[Dataset items]
section \<open>Square roots of the product over all sign choices\<close>

lemma subst_signed_sum: "subst s (signed_sum a I Var S) = signed_sum a I s S"
  by (simp add: signed_sum_def subst_add subst_sum subst_uminus if_distrib cong: if_cong)

lemma subst_signed_prod: "subst s (signed_prod a I Var) = signed_prod a I s"
  by (simp add: signed_prod_def subst_prod subst_signed_sum)

lemma vars_signed_prod: "vars (signed_prod a I (Var :: nat \<Rightarrow> 'a::comm_ring_1 mpoly)) \<subseteq> insert a I"
  unfolding signed_prod_def signed_sum_def
  by (intro vars_prod_subset vars_add_subset vars_sum_subset) (auto simp: vars_def Var_def)

lemma homogeneous_signed_prod:
  "homogeneous (card (Pow I)) (signed_prod a I (Var :: nat \<Rightarrow> 'a::comm_ring_1 mpoly))"
proof -
  have Var: "m \<in> Poly_Mapping.keys (Var i :: 'a mpoly) \<Longrightarrow> total_deg m = 1" for i m
    by (simp add: Var_def total_deg_def)
  have "homogeneous 1 (signed_sum a I (Var :: nat \<Rightarrow> 'a mpoly) S)" for S
    unfolding signed_sum_def
    by (intro homogeneous_add homogeneous_sum) (auto simp: Var homogeneous_def)
  then show ?thesis
    unfolding signed_prod_def by (metis homogeneous_prod mult_1)
qed

lemma lookup_signed_sum_Var:
  assumes "finite I" "a \<notin> I"
  shows "Poly_Mapping.lookup (signed_sum a I Var S :: 'a::comm_ring_1 mpoly) (Poly_Mapping.single k 1)
    = (if k = a then 1 else if k \<in> I then if k \<in> S then -1 else 1 else 0)"
proof -
  have Var: "Poly_Mapping.lookup (Var i :: 'a mpoly) (Poly_Mapping.single k 1) = (if i = k then 1 else 0)" for i
  proof -
    have "Poly_Mapping.single i (1::nat) = Poly_Mapping.single k 1 \<longleftrightarrow> i = k"
      by (metis lookup_single_eq lookup_single_not_eq one_neq_zero)
    then show ?thesis
      by (simp add: Var_def lookup_single)
  qed
  have "(\<Sum>i\<in>I. Poly_Mapping.lookup (if i \<in> S then - Var i else Var i :: 'a mpoly) (Poly_Mapping.single k 1))
      = (\<Sum>i\<in>I. if i = k then if k \<in> S then -1 else 1 else 0)"
    by (rule sum.cong) (auto simp: Var[unfolded One_nat_def])
  also have "\<dots> = (if k \<in> I then if k \<in> S then -1 else 1 else 0)"
    using assms(1) by simp
  finally show ?thesis
    using assms(2) by (simp add: signed_sum_def lookup_add lookup_sum Var[unfolded One_nat_def])
qed
(* The operator T^pi is an affine map v |-> c_pi + gamma P^o_pi v whose linear part is a
   stochastic matrix scaled by gamma; monotonicity, translation and gamma-contraction are
   immediate, and they pass to T^* because a pointwise maximum of such maps preserves all three.
   The fixed point claim rests on the robust Bellman equation
   V^pi_u(s) = u(s, pi s) + gamma min_{P in P_(s, pi s)} <P, V^pi_u>: the robust Bellman operator is a
   gamma-contraction, and telescoping the discounted return against its fixed point V shows that
   every admissible kernel sequence earns at least V, while the stationary worst-case kernel earns
   exactly V. Substituting these equations for r and the g_i into T^pi, the nominal terms cancel. *)

lemma inner_s_diff_right: "inner_s p (\<lambda>s. w s - w' s) = inner_s p w - inner_s p w'"
  by (simp add: inner_s_def sum_subtractf right_diff_distrib)

lemma inner_s_diff_left: "inner_s (\<lambda>s. p s - q s) w = inner_s p w - inner_s q w"
  by (simp add: inner_s_def sum_subtractf left_diff_distrib)

lemma inner_s_add_right: "inner_s p (\<lambda>s. w s + w' s) = inner_s p w + inner_s p w'"
  by (simp add: inner_s_def sum.distrib distrib_left)

lemma inner_s_mult_right: "inner_s p (\<lambda>s. c * w s) = c * inner_s p w"
  by (simp add: inner_s_def sum_distrib_left mult_ac)

lemma inner_s_lincomb:
  "inner_s p (\<lambda>s. w s - (\<Sum>i<m. c i * w' i s)) = inner_s p w - (\<Sum>i<m. c i * inner_s p (w' i))"
proof -
  have "(\<Sum>s\<in>UNIV. p s * (\<Sum>i<m. c i * w' i s)) = (\<Sum>i<m. c i * (\<Sum>s\<in>UNIV. p s * w' i s))"
    unfolding sum_distrib_left by (subst sum.swap) (simp add: mult_ac)
  then show ?thesis by (simp add: inner_s_def right_diff_distrib sum_subtractf)
qed

lemma inner_s_const: "p \<in> prob_simplex \<Longrightarrow> inner_s p (\<lambda>_. c) = c"
  unfolding inner_s_def prob_simplex_def by (simp add: sum_distrib_right[symmetric])

lemma inner_s_mono: "(\<And>s. 0 \<le> p s) \<Longrightarrow> (\<And>s. w s \<le> w' s) \<Longrightarrow> inner_s p w \<le> inner_s p w'"
  unfolding inner_s_def by (intro sum_mono mult_left_mono) auto

lemma inner_s_nonneg: "p \<in> prob_simplex \<Longrightarrow> (\<And>s. 0 \<le> w s) \<Longrightarrow> 0 \<le> inner_s p w"
  using inner_s_mono[of p "\<lambda>_. 0" w] by (simp add: prob_simplex_def inner_s_def)

lemma abs_inner_s_le:
  assumes "p \<in> prob_simplex" "\<And>s. \<bar>w s\<bar> \<le> d"
  shows "\<bar>inner_s p w\<bar> \<le> d"
proof -
  have "0 \<le> p s" "w s \<le> d" "- d \<le> w s" for s
    using assms(1) assms(2)[of s] by (auto simp: prob_simplex_def abs_le_iff)
  then have "inner_s p w \<le> inner_s p (\<lambda>_. d)" "inner_s p (\<lambda>_. - d) \<le> inner_s p w"
    by (auto intro!: inner_s_mono)
  then show ?thesis using inner_s_const[OF assms(1)] by (simp add: abs_le_iff)
qed

lemma abs_le_supnorm: "\<bar>f s\<bar> \<le> supnorm f"
  unfolding supnorm_def by (rule Max_ge) auto

lemma supnorm_le: "(\<And>s. \<bar>f s\<bar> \<le> d) \<Longrightarrow> supnorm f \<le> d"
  unfolding supnorm_def by (subst Max_le_iff) auto

lemma Max_range_mono:
  fixes f g :: "'b::finite \<Rightarrow> 'c::linorder"
  shows "(\<And>x. f x \<le> g x) \<Longrightarrow> Max (range f) \<le> Max (range g)"
proof -
  assume "\<And>x. f x \<le> g x"
  moreover have "g x \<le> Max (range g)" for x by simp
  ultimately have "f x \<le> Max (range g)" for x by (meson order_trans)
  then show ?thesis by (subst Max_le_iff) auto
qed

lemma Max_range_add_const:
  fixes f :: "'b::finite \<Rightarrow> real"
  shows "Max (range (\<lambda>x. f x + c)) = Max (range f) + c"
  using Max_add_commute[of UNIV f c] by simp

lemma abs_Max_range_diff_le:
  fixes f g :: "'b::finite \<Rightarrow> real"
  assumes "\<And>x. \<bar>f x - g x\<bar> \<le> d"
  shows "\<bar>Max (range f) - Max (range g)\<bar> \<le> d"
proof -
  have "f x \<le> g x + d" "g x \<le> f x + d" for x using assms[of x] by (simp_all add: abs_le_iff)
  then have "Max (range f) \<le> Max (range (\<lambda>x. g x + d))" "Max (range g) \<le> Max (range (\<lambda>x. f x + d))"
    by (simp_all only: Max_range_mono)
  then show ?thesis unfolding Max_range_add_const abs_le_iff by linarith
qed

definition sup_contraction :: "real \<Rightarrow> (('s \<Rightarrow> real) \<Rightarrow> ('s \<Rightarrow> real)) \<Rightarrow> bool" where
  "sup_contraction \<gamma> F \<longleftrightarrow>
     (\<forall>w w' d. (\<forall>s. \<bar>w s - w' s\<bar> \<le> d) \<longrightarrow> (\<forall>s. \<bar>F w s - F w' s\<bar> \<le> \<gamma> * d))"

lemma sup_contractionI:
  "(\<And>w w' d s. (\<And>s. \<bar>w s - w' s\<bar> \<le> d) \<Longrightarrow> \<bar>F w s - F w' s\<bar> \<le> \<gamma> * d) \<Longrightarrow> sup_contraction \<gamma> F"
  unfolding sup_contraction_def by blast

lemma sup_contractionD:
  "sup_contraction \<gamma> F \<Longrightarrow> (\<And>s. \<bar>w s - w' s\<bar> \<le> d) \<Longrightarrow> \<bar>F w s - F w' s\<bar> \<le> \<gamma> * d"
  unfolding sup_contraction_def by blast

lemma supnorm_sup_contraction:
  fixes F :: "('s::finite \<Rightarrow> real) \<Rightarrow> ('s \<Rightarrow> real)"
  assumes "sup_contraction \<gamma> F"
  shows "supnorm (\<lambda>s. F w s - F w' s) \<le> \<gamma> * supnorm (\<lambda>s. w s - w' s)"
  by (intro supnorm_le sup_contractionD[OF assms] abs_le_supnorm)

lemma sup_contraction_Max:
  fixes F :: "'b::finite \<Rightarrow> ('s \<Rightarrow> real) \<Rightarrow> ('s \<Rightarrow> real)"
  assumes "\<And>\<pi>. sup_contraction \<gamma> (F \<pi>)"
  shows "sup_contraction \<gamma> (\<lambda>w s. Max (range (\<lambda>\<pi>. F \<pi> w s)))"
  by (intro sup_contractionI abs_Max_range_diff_le sup_contractionD[OF assms])

lemma sup_contraction_fixpoint_unique:
  fixes F :: "('s::finite \<Rightarrow> real) \<Rightarrow> ('s \<Rightarrow> real)"
  assumes "sup_contraction \<gamma> F" "\<gamma> < 1" "F v = v" "F w = w"
  shows "v = w"
proof -
  let ?n = "supnorm (\<lambda>s. v s - w s)"
  have "?n \<le> \<gamma> * ?n" using supnorm_sup_contraction[OF assms(1), of v w] assms(3,4) by simp
  then have "(1 - \<gamma>) * ?n \<le> 0" by (simp add: algebra_simps)
  then have "?n \<le> 0" using assms(2) by (simp add: mult_le_0_iff)
  then have "\<bar>v s - w s\<bar> \<le> 0" for s using abs_le_supnorm[of "\<lambda>s. v s - w s" s] by linarith
  then show ?thesis by (simp add: fun_eq_iff)
qed

lemma sup_contraction_has_fixpoint:
  fixes F :: "('s::finite \<Rightarrow> real) \<Rightarrow> ('s \<Rightarrow> real)"
  assumes F: "sup_contraction \<gamma> F" and "0 \<le> \<gamma>" "\<gamma> < 1"
  obtains V where "F V = V"
proof -
  define x where "x n = (F ^^ n) (\<lambda>_. 0)" for n
  define M where "M = supnorm (\<lambda>s. x 1 s - x 0 s)"
  have x_Suc: "x (Suc n) = F (x n)" for n by (simp add: x_def)
  have step: "\<bar>x (Suc n) s - x n s\<bar> \<le> \<gamma>^n * M" for n s
  proof (induction n arbitrary: s)
    case 0 then show ?case using abs_le_supnorm[of "\<lambda>s. x 1 s - x 0 s"] by (simp add: M_def)
  next
    case (Suc n) then show ?case
      unfolding x_Suc[of "Suc n"] x_Suc[of n] using sup_contractionD[OF F] by (simp add: mult.assoc)
  qed
  have geom: "summable (\<lambda>n. \<gamma>^n * M)"
    using assms(2,3) by (intro summable_mult2 summable_geometric) simp
  define V where "V s = (\<Sum>n. x (Suc n) s - x n s)" for s
  have x_to_V: "(\<lambda>n. x n s) \<longlonglongrightarrow> V s" for s
  proof -
    have "summable (\<lambda>n. x (Suc n) s - x n s)"
      by (rule summable_comparison_test[OF _ geom]) (use step in auto)
    moreover have "(\<Sum>j<n. x (Suc j) s - x j s) = x n s" for n
      by (subst sum_lessThan_telescope) (simp add: x_def)
    ultimately show ?thesis unfolding V_def using summable_LIMSEQ by fastforce
  qed
  have "F V s = V s" for s
  proof -
    have bound: "norm (F (x n) s - F V s) \<le> \<gamma> * (\<Sum>s'\<in>UNIV. \<bar>x n s' - V s'\<bar>)" for n
      unfolding real_norm_def by (rule sup_contractionD[OF F], rule member_le_sum) auto
    have "(\<lambda>n. \<Sum>s'\<in>UNIV. \<bar>x n s' - V s'\<bar>) \<longlonglongrightarrow> 0"
      by (rule tendsto_null_sum) (simp add: tendsto_rabs_zero_iff LIM_zero_iff x_to_V)
    then have "(\<lambda>n. F (x n) s - F V s) \<longlonglongrightarrow> 0"
      by (rule Lim_null_comparison[OF always_eventually[OF allI[OF bound]] tendsto_mult_right_zero])
    then have "(\<lambda>n. x (Suc n) s) \<longlonglongrightarrow> F V s" unfolding x_Suc by (simp add: LIM_zero_iff)
    then show ?thesis using LIMSEQ_Suc[OF x_to_V] LIMSEQ_unique by blast
  qed
  then show ?thesis using that by blast
qed

lemma occ_in_prob_simplex:
  assumes "\<And>t s a. K t s a \<in> prob_simplex"
  shows "occ K \<pi> s0 t \<in> prob_simplex"
proof (induction t)
  case 0 then show ?case by (simp add: prob_simplex_def)
next
  case (Suc t)
  have "(\<Sum>s'\<in>UNIV. \<Sum>s\<in>UNIV. occ K \<pi> s0 t s * K t s (\<pi> s) s')
      = (\<Sum>s\<in>UNIV. occ K \<pi> s0 t s * (\<Sum>s'\<in>UNIV. K t s (\<pi> s) s'))"
    by (subst sum.swap) (simp add: sum_distrib_left)
  also have "\<dots> = 1" using assms Suc by (simp add: prob_simplex_def)
  finally show ?case using Suc assms by (auto simp: prob_simplex_def intro!: sum_nonneg)
qed

lemma inner_s_occ_0: "inner_s (occ K \<pi> s0 0) w = w s0"
proof -
  have "(\<Sum>s\<in>UNIV. occ K \<pi> s0 0 s * w s) = (\<Sum>s\<in>UNIV. if s = s0 then w s0 else 0)"
    by (rule sum.cong) auto
  then show ?thesis by (simp add: inner_s_def)
qed

lemma inner_s_occ_Suc:
  "inner_s (occ K \<pi> s0 (Suc t)) w = inner_s (occ K \<pi> s0 t) (\<lambda>s. inner_s (K t s (\<pi> s)) w)"
  unfolding inner_s_def occ.simps sum_distrib_right sum_distrib_left
  by (subst sum.swap) (simp add: mult_ac)
(* Let $\Omega\subset\mathbb{R}^n$ ($n\ge2$) be open, $\alpha\in[0,n]$ and $\mathcal{G}\in L^1(\Omega;\mathbb{R}^+)$. Suppose that for some $\lambda,\varrho>0$ and $\xi\in\Omega$ there is a point $z\in\Omega_\varrho(\xi)$ with $\mathbf{M}_\alpha\mathcal{G}(z)\le\lambda$. Then for all $\sigma>3^n$, $$d^\alpha_{\mathcal{G}}(\Omega_\varrho(\xi);\sigma\lambda)\le d^\alpha_{\chi_{B_{2\varrho}(\xi)}\mathcal{G}}(\Omega_\varrho(\xi);\sigma\lambda).$$
   Context: Functions on $\Omega$ are extended by zero outside $\Omega$. $B_\rho(x)$ is the open ball, $\Omega_\rho(x)=B_\rho(x)\cap\Omega$, $\chi_E$ the indicator of $E$. $\mathbf{M}_\alpha f(x)=\sup_{\rho>0}\rho^\alpha\fint_{B_\rho(x)}|f|$ and $d^\alpha_{h}(E;\lambda)=\mathcal{L}^n(\{x\in E:\mathbf{M}_\alpha h(x)>\lambda\})$. *)

theory Defs
  imports "HOL-Analysis.Analysis"
begin

definition zero_ext :: "'a set \<Rightarrow> ('a \<Rightarrow> real) \<Rightarrow> 'a \<Rightarrow> real" where
  "zero_ext \<Omega> f = (\<lambda>x. if x \<in> \<Omega> then f x else 0)"

definition frac_max :: "real \<Rightarrow> ('a::euclidean_space \<Rightarrow> real) \<Rightarrow> 'a \<Rightarrow> ennreal" where
  "frac_max \<alpha> f x = (SUP \<rho>\<in>{0<..}. ennreal (\<rho> powr \<alpha>) *
      ((\<integral>\<^sup>+ y \<in> ball x \<rho>. ennreal \<bar>f y\<bar> \<partial>lebesgue) / emeasure lebesgue (ball x \<rho>)))"

definition dist_fun :: "real \<Rightarrow> ('a::euclidean_space \<Rightarrow> real) \<Rightarrow> 'a set \<Rightarrow> real \<Rightarrow> ennreal" where
  "dist_fun \<alpha> h E t = emeasure lebesgue {x \<in> E. frac_max \<alpha> h x > ennreal t}"

end

theory Submission
  imports Defs
begin

text \<open>If the fractional average of \<open>\<G>\<close> over \<open>B\<^sub>r(x)\<close>, \<open>x \<in> B\<^sub>\<rho>(\<xi>)\<close>, exceeds \<open>\<sigma>\<lambda>\<close> while
  \<open>M\<^sub>\<alpha>\<G>(z) \<le> \<lambda>\<close> for some \<open>z \<in> B\<^sub>\<rho>(\<xi>)\<close>, then \<open>r < \<rho>\<close>: otherwise \<open>B\<^sub>r(x) \<subseteq> B\<^sub>3\<^sub>r(z)\<close>, and
  passing to the larger ball costs at most a factor \<open>3\<^sup>n\<^sup>-\<^sup>\<alpha> \<le> 3\<^sup>n < \<sigma>\<close>.  Hence every ball
  witnessing \<open>M\<^sub>\<alpha>\<G>(x) > \<sigma>\<lambda>\<close> lies in \<open>B\<^sub>2\<^sub>\<rho>(\<xi>)\<close>, where \<open>\<G>\<close> and \<open>\<chi>\<^bsub>B\<^sub>2\<^sub>\<rho>(\<xi>)\<^esub>\<G>\<close> agree.\<close>

definition frac_avg :: "real \<Rightarrow> ('a::euclidean_space \<Rightarrow> real) \<Rightarrow> 'a \<Rightarrow> real \<Rightarrow> ennreal" where
  "frac_avg \<alpha> f x r = ennreal (r powr \<alpha>) *
      ((\<integral>\<^sup>+ y \<in> ball x r. ennreal \<bar>f y\<bar> \<partial>lebesgue) / emeasure lebesgue (ball x r))"

lemma frac_max_eq_SUP_frac_avg: "frac_max \<alpha> f x = (SUP r\<in>{0<..}. frac_avg \<alpha> f x r)"
  by (simp add: frac_max_def frac_avg_def)

lemma frac_avg_le_frac_max: "r > 0 \<Longrightarrow> frac_avg \<alpha> f x r \<le> frac_max \<alpha> f x"
  unfolding frac_max_eq_SUP_frac_avg by (rule SUP_upper) simp

lemma less_frac_max_iff: "t < frac_max \<alpha> f x \<longleftrightarrow> (\<exists>r>0. t < frac_avg \<alpha> f x r)"
  unfolding frac_max_eq_SUP_frac_avg by (auto simp: less_SUP_iff)

lemma frac_avg_cong:
  assumes "\<And>y. y \<in> ball x r \<Longrightarrow> f y = g y"
  shows "frac_avg \<alpha> f x r = frac_avg \<alpha> g x r"
proof -
  have "(\<integral>\<^sup>+ y \<in> ball x r. ennreal \<bar>f y\<bar> \<partial>lebesgue) = (\<integral>\<^sup>+ y \<in> ball x r. ennreal \<bar>g y\<bar> \<partial>lebesgue)"
    using assms by (intro nn_integral_cong) (simp split: split_indicator)
  then show ?thesis
    by (simp add: frac_avg_def)
qed

lemma frac_avg_mono:
  "(\<And>y. \<bar>f y\<bar> \<le> \<bar>g y\<bar>) \<Longrightarrow> frac_avg \<alpha> f x r \<le> frac_avg \<alpha> g x r"
  unfolding frac_avg_def
  by (intro mult_left_mono divide_right_mono_ennreal nn_integral_mono) (auto split: split_indicator)

lemma frac_max_mono:
  "(\<And>y. \<bar>f y\<bar> \<le> \<bar>g y\<bar>) \<Longrightarrow> frac_max \<alpha> f x \<le> frac_max \<alpha> g x"
  unfolding frac_max_eq_SUP_frac_avg by (intro SUP_mono' frac_avg_mono)

lemma frac_avg_eq_nn_integral_times:
  fixes f :: "'a::euclidean_space \<Rightarrow> real"
  assumes "r > 0"
  shows "frac_avg \<alpha> f x r = (\<integral>\<^sup>+ y \<in> ball x r. ennreal \<bar>f y\<bar> \<partial>lebesgue) *
           ennreal (r powr \<alpha> / (unit_ball_vol DIM('a) * r ^ DIM('a)))"
proof -
  define V where "V = unit_ball_vol DIM('a) * r ^ DIM('a)"
  have "V > 0"
    using assms by (simp add: V_def)
  have "emeasure lebesgue (ball x r) = ennreal V"
    using emeasure_ball[of r x] assms by (simp add: V_def)
  with \<open>V > 0\<close> show ?thesis
    by (simp add: frac_avg_def V_def [symmetric] divide_ennreal_def inverse_ennreal
        ennreal_mult' divide_inverse mult_ac)
qed

lemma frac_avg_le_dilated:
  fixes f :: "'a::euclidean_space \<Rightarrow> real"
  assumes sub: "ball x r \<subseteq> ball z (k * r)" and "r > 0" "k \<ge> 1" "\<alpha> \<ge> 0"
  shows "frac_avg \<alpha> f x r \<le> ennreal (k ^ DIM('a)) * frac_avg \<alpha> f z (k * r)"
proof -
  define c where "c = unit_ball_vol DIM('a)"
  have "c > 0" "k * r > 0"
    using assms by (auto simp: c_def)
  have coeff: "r powr \<alpha> / (c * r ^ DIM('a)) \<le> k ^ DIM('a) * ((k * r) powr \<alpha> / (c * (k * r) ^ DIM('a)))"
  proof -
    have "r powr \<alpha> \<le> (k * r) powr \<alpha>"
      using assms by (intro powr_mono2) auto
    then show ?thesis
      using \<open>c > 0\<close> \<open>r > 0\<close> \<open>k \<ge> 1\<close> by (simp add: power_mult_distrib divide_right_mono)
  qed
  then have coeff': "ennreal (r powr \<alpha> / (c * r ^ DIM('a))) \<le>
      ennreal (k ^ DIM('a)) * ennreal ((k * r) powr \<alpha> / (c * (k * r) ^ DIM('a)))"
    using \<open>c > 0\<close> \<open>r > 0\<close> \<open>k \<ge> 1\<close> by (subst ennreal_mult [symmetric]) (auto intro: ennreal_leI)
  have "frac_avg \<alpha> f x r = (\<integral>\<^sup>+ y \<in> ball x r. ennreal \<bar>f y\<bar> \<partial>lebesgue) * ennreal (r powr \<alpha> / (c * r ^ DIM('a)))"
    using \<open>r > 0\<close> by (simp add: frac_avg_eq_nn_integral_times c_def)
  also have "\<dots> \<le> (\<integral>\<^sup>+ y \<in> ball z (k * r). ennreal \<bar>f y\<bar> \<partial>lebesgue) *
      (ennreal (k ^ DIM('a)) * ennreal ((k * r) powr \<alpha> / (c * (k * r) ^ DIM('a))))"
    using sub coeff' by (intro mult_mono nn_integral_mono) (auto split: split_indicator)
  also have "\<dots> = ennreal (k ^ DIM('a)) * frac_avg \<alpha> f z (k * r)"
    using \<open>k * r > 0\<close> by (simp add: frac_avg_eq_nn_integral_times c_def mult_ac)
  finally show ?thesis .
qed

lemma radius_less_if_frac_avg_gt:
  fixes f :: "'a::euclidean_space \<Rightarrow> real"
  assumes "x \<in> ball \<xi> \<rho>" "z \<in> ball \<xi> \<rho>" and z: "frac_max \<alpha> f z \<le> ennreal lam"
    and "3 ^ DIM('a) \<le> \<sigma>" "0 \<le> \<alpha>" "0 \<le> lam" "r > 0"
    and x: "ennreal (\<sigma> * lam) < frac_avg \<alpha> f x r"
  shows "r < \<rho>"
proof (rule ccontr)
  assume "\<not> r < \<rho>"
  have "ball x r \<subseteq> ball z (3 * r)"
  proof
    fix y assume "y \<in> ball x r"
    moreover have "dist z x < 2 * r"
      using assms(1,2) \<open>\<not> r < \<rho>\<close> dist_triangle[of z x \<xi>] by (simp add: dist_commute)
    ultimately show "y \<in> ball z (3 * r)"
      using dist_triangle[of z y x] by simp
  qed
  then have "frac_avg \<alpha> f x r \<le> ennreal (3 ^ DIM('a)) * frac_avg \<alpha> f z (3 * r)"
    using assms by (intro frac_avg_le_dilated) auto
  also have "\<dots> \<le> ennreal (3 ^ DIM('a)) * ennreal lam"
    using frac_avg_le_frac_max[of "3 * r" \<alpha> f z] z \<open>r > 0\<close> by (intro mult_left_mono) auto
  also have "\<dots> \<le> ennreal (\<sigma> * lam)"
    using assms by (subst ennreal_mult [symmetric]) (auto intro: ennreal_leI mult_right_mono)
  finally show False
    using x by simp
qed

lemma less_frac_max_restrict_ball:
  fixes f :: "'a::euclidean_space \<Rightarrow> real"
  assumes "x \<in> ball \<xi> \<rho>" "z \<in> ball \<xi> \<rho>" "frac_max \<alpha> f z \<le> ennreal lam"
    and "3 ^ DIM('a) \<le> \<sigma>" "0 \<le> \<alpha>" "0 \<le> lam"
    and "ennreal (\<sigma> * lam) < frac_max \<alpha> f x"
  shows "ennreal (\<sigma> * lam) < frac_max \<alpha> (\<lambda>y. indicator (ball \<xi> (2 * \<rho>)) y * f y) x"
proof -
  obtain r where "r > 0" and r: "ennreal (\<sigma> * lam) < frac_avg \<alpha> f x r"
    using assms(7) by (auto simp: less_frac_max_iff)
  have "r < \<rho>"
    using radius_less_if_frac_avg_gt[OF assms(1-6) \<open>r > 0\<close> r] .
  have "ball x r \<subseteq> ball \<xi> (2 * \<rho>)"
  proof
    fix y assume "y \<in> ball x r"
    then show "y \<in> ball \<xi> (2 * \<rho>)"
      using assms(1) \<open>r < \<rho>\<close> dist_triangle[of \<xi> y x] by simp
  qed
  then have "frac_avg \<alpha> f x r = frac_avg \<alpha> (\<lambda>y. indicator (ball \<xi> (2 * \<rho>)) y * f y) x r"
    by (intro frac_avg_cong) auto
  then show ?thesis
    using r \<open>r > 0\<close> by (auto simp: less_frac_max_iff)
qed

theorem mainTheorem6:
  fixes \<Omega> :: "'a::euclidean_space set" and G :: "'a \<Rightarrow> real"
    and \<alpha> lam \<rho> \<sigma> :: real and \<xi> z :: 'a
  assumes "DIM('a) \<ge> 2"
    and "open \<Omega>"
    and "0 \<le> \<alpha>" "\<alpha> \<le> real DIM('a)"
    and "set_integrable lebesgue \<Omega> G"
    and "\<And>x. x \<in> \<Omega> \<Longrightarrow> G x \<ge> 0"
    and "lam > 0" "\<rho> > 0" "\<xi> \<in> \<Omega>"
    and "z \<in> ball \<xi> \<rho> \<inter> \<Omega>"
    and "frac_max \<alpha> (zero_ext \<Omega> G) z \<le> ennreal lam"
    and "\<sigma> > 3 ^ DIM('a)"
  shows "dist_fun \<alpha> (zero_ext \<Omega> G) (ball \<xi> \<rho> \<inter> \<Omega>) (\<sigma> * lam)
         \<le> dist_fun \<alpha> (\<lambda>x. indicator (ball \<xi> (2 * \<rho>)) x * zero_ext \<Omega> G x) (ball \<xi> \<rho> \<inter> \<Omega>) (\<sigma> * lam)"
proof -
  let ?G = "zero_ext \<Omega> G" and ?G\<^sub>2\<^sub>\<rho> = "\<lambda>x. indicator (ball \<xi> (2 * \<rho>)) x * zero_ext \<Omega> G x"
  have "frac_max \<alpha> ?G x > ennreal (\<sigma> * lam) \<longleftrightarrow> frac_max \<alpha> ?G\<^sub>2\<^sub>\<rho> x > ennreal (\<sigma> * lam)"
    if "x \<in> ball \<xi> \<rho>" for x
  proof
    show "frac_max \<alpha> ?G x > ennreal (\<sigma> * lam) \<Longrightarrow> frac_max \<alpha> ?G\<^sub>2\<^sub>\<rho> x > ennreal (\<sigma> * lam)"
      using that assms by (intro less_frac_max_restrict_ball[where z = z]) auto
    show "frac_max \<alpha> ?G\<^sub>2\<^sub>\<rho> x > ennreal (\<sigma> * lam) \<Longrightarrow> frac_max \<alpha> ?G x > ennreal (\<sigma> * lam)"
      using frac_max_mono[of ?G\<^sub>2\<^sub>\<rho> ?G \<alpha> x] by (force simp: abs_mult split: split_indicator)
  qed
  \<comment> \<open>The level sets agree; mere inclusion would not do, since neither is known to be measurable.\<close>
  then show ?thesis
    unfolding dist_fun_def by (intro eq_refl arg_cong[where f = "emeasure lebesgue"]) auto
qed

end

→ **GOAL OF THE EXERCISE**
Return a copy of each line in the entries that carries the string "UNIV".

→ **ANSWER SECTION**
  have "(\<Sum>s\<in>UNIV. p s * (\<Sum>i<m. c i * w' i s)) = (\<Sum>i<m. c i * (\<Sum>s\<in>UNIV. p s * w' i s))"
  using Max_add_commute[of UNIV f c] by simp
    have bound: "norm (F (x n) s - F V s) \<le> \<gamma> * (\<Sum>s'\<in>UNIV. \<bar>x n s' - V s'\<bar>)" for n
    have "(\<lambda>n. \<Sum>s'\<in>UNIV. \<bar>x n s' - V s'\<bar>) \<longlonglongrightarrow> 0"
  have "(\<Sum>s'\<in>UNIV. \<Sum>s\<in>UNIV. occ K \<pi> s0 t s * K t s (\<pi> s) s')
      = (\<Sum>s\<in>UNIV. occ K \<pi> s0 t s * (\<Sum>s'\<in>UNIV. K t s (\<pi> s) s'))"
  have "(\<Sum>s\<in>UNIV. occ K \<pi> s0 0 s * w s) = (\<Sum>s\<in>UNIV. if s = s0 then w s0 else 0)"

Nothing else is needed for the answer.